For the rodent population, the initial condition tells us that there were x_0 rodents at t = 0. With this, we established that C = x_0. Another set of conditions defined by the problem allowed us to calculate the constant k by observing the population at time T being twice x_0. These initial conditions, when plugged in the general solution, tailor the equation specifically for this rodent population scenario and allow us to predict future populations at any given time t.

Population Dynamics

Population dynamics involve the study of how and why the number of individuals in a population changes over time. An understanding of factors like birth rates, death rates, immigration, and emigration is essential for creating models that describe these phenomena.
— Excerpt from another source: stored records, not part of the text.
(* Let $p\in[1,\infty]$, $\alpha\in[0,1]$ irrational, $\theta\in[0,1)$ and $\lambda\in\mathbb{R}$. Then $\sigma(H_{\lambda,\alpha,\theta})\subset\sigma((H_{\lambda,\alpha,\theta})_+)$.
   Context: $(H_{\lambda,\alpha,\theta}x)_n=x_{n+1}+x_{n-1}+\lambda v_{\alpha,\theta}(n)x_n$ on $\ell^p(\mathbb{Z})$ with $v_{\alpha,\theta}(n)=\chi_{[1-\alpha,1)}(n\alpha+\theta\bmod 1)$. For an operator $A=(a_{ij})_{i,j\in\mathbb{Z}}$, $A_+:=(a_{ij})_{i,j=0}^\infty$ acting on $\ell^p(\mathbb{Z}_+)$, $\mathbb{Z}_+=\{0,1,2,\dots\}$. *)

theory Defs
  imports "HOL-Analysis.Analysis"
begin

definition lp_space :: "ereal \<Rightarrow> ('i \<Rightarrow> complex) set" where
  "lp_space p = {x. if p = \<infinity> then bounded (range x)
                    else (\<lambda>n. norm (x n) powr real_of_ereal p) summable_on UNIV}"

text \<open>By the open mapping theorem,
  invertibility in B(X) is equivalent to bijectivity of A - z I on X.\<close>
definition op_spectrum :: "('i \<Rightarrow> complex) set \<Rightarrow> (('i \<Rightarrow> complex) \<Rightarrow> ('i \<Rightarrow> complex)) \<Rightarrow> complex set" where
  "op_spectrum X A = {z. \<not> bij_betw (\<lambda>x n. A x n - z * x n) X X}"

definition sturm_pot :: "real \<Rightarrow> real \<Rightarrow> int \<Rightarrow> real" where
  "sturm_pot \<alpha> \<theta> n = (if frac (of_int n * \<alpha> + \<theta>) \<in> {1 - \<alpha> ..< 1} then 1 else 0)"

definition H_op :: "real \<Rightarrow> real \<Rightarrow> real \<Rightarrow> (int \<Rightarrow> complex) \<Rightarrow> (int \<Rightarrow> complex)" where
  "H_op lam \<alpha> \<theta> x n = x (n + 1) + x (n - 1) + of_real (lam * sturm_pot \<alpha> \<theta> n) * x n"

definition H_plus :: "real \<Rightarrow> real \<Rightarrow> real \<Rightarrow> (nat \<Rightarrow> complex) \<Rightarrow> (nat \<Rightarrow> complex)" where
  "H_plus lam \<alpha> \<theta> x n = x (n + 1) + (if n = 0 then 0 else x (n - 1))
      + of_real (lam * sturm_pot \<alpha> \<theta> (int n)) * x n"

end

theory Submission
  imports Defs
begin

text \<open>
  Let \<open>z\<close> lie outside \<open>\<sigma>(H\<^sub>+)\<close>, so that \<open>A = H\<^sub>+ - z\<close> is a bijection of \<open>\<ell>\<^sup>p(\<int>\<^sub>+)\<close>. A gliding hump
  argument shows that \<open>A\<close> is bounded below on vectors supported far from the boundary; no open
  mapping theorem is needed. The Sturmian potential is recurrent: by Kronecker's theorem every finite
  window of it reappears arbitrarily far to the right. Moving a finitely supported vector on \<open>\<int>\<close>
  there shows that \<open>B = H - z\<close> is bounded below, uniformly, on all finite sections.

  For a tridiagonal operator with bounded coefficients this already forces invertibility on
  \<open>\<ell>\<^sup>p(\<int>)\<close>. Testing the lower bound against a tent-shaped cut-off of a solution of \<open>B\<phi> = 0\<close> shows
  that the masses of \<open>\<phi>\<close> on consecutive blocks of length \<open>L \<sim> C\<close> satisfy
  \<open>m\<^sub>j \<le> max m\<^sub>j\<^sub>-\<^sub>1 m\<^sub>j\<^sub>+\<^sub>1 / 2\<close>. Hence bounded solutions vanish (injectivity), there are solutions
  decaying at \<open>+\<infinity>\<close> and at \<open>-\<infinity>\<close>, which are necessarily independent, and from them one builds
  solutions of \<open>Bx = y\<close> on growing windows; truncated and controlled by the lower bound, these
  converge to a solution in \<open>\<ell>\<^sup>p\<close> (surjectivity).
\<close>

section \<open>Finite sections of \<open>\<ell>\<^sup>p\<close> norms\<close>

definition lp_exponent :: "ereal \<Rightarrow> real" where
  "lp_exponent p = (if p = \<infinity> then 1 else real_of_ereal p)"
In our exercise, the rodent population growth on the island is an isolated system - no immigration or emigration - and the change is only due to birth rates that are proportional to the current population. The doubling of the population at time T, and then the subsequent quadrupling at time 2T indicates a consistent growth pattern unaffected by external variables. This unrealistic assumption of constant growth without limits is typical in simpler models and helps students understand the underlying mechanics of population changes before introducing more complex factors such as carrying capacity and environmental constraints.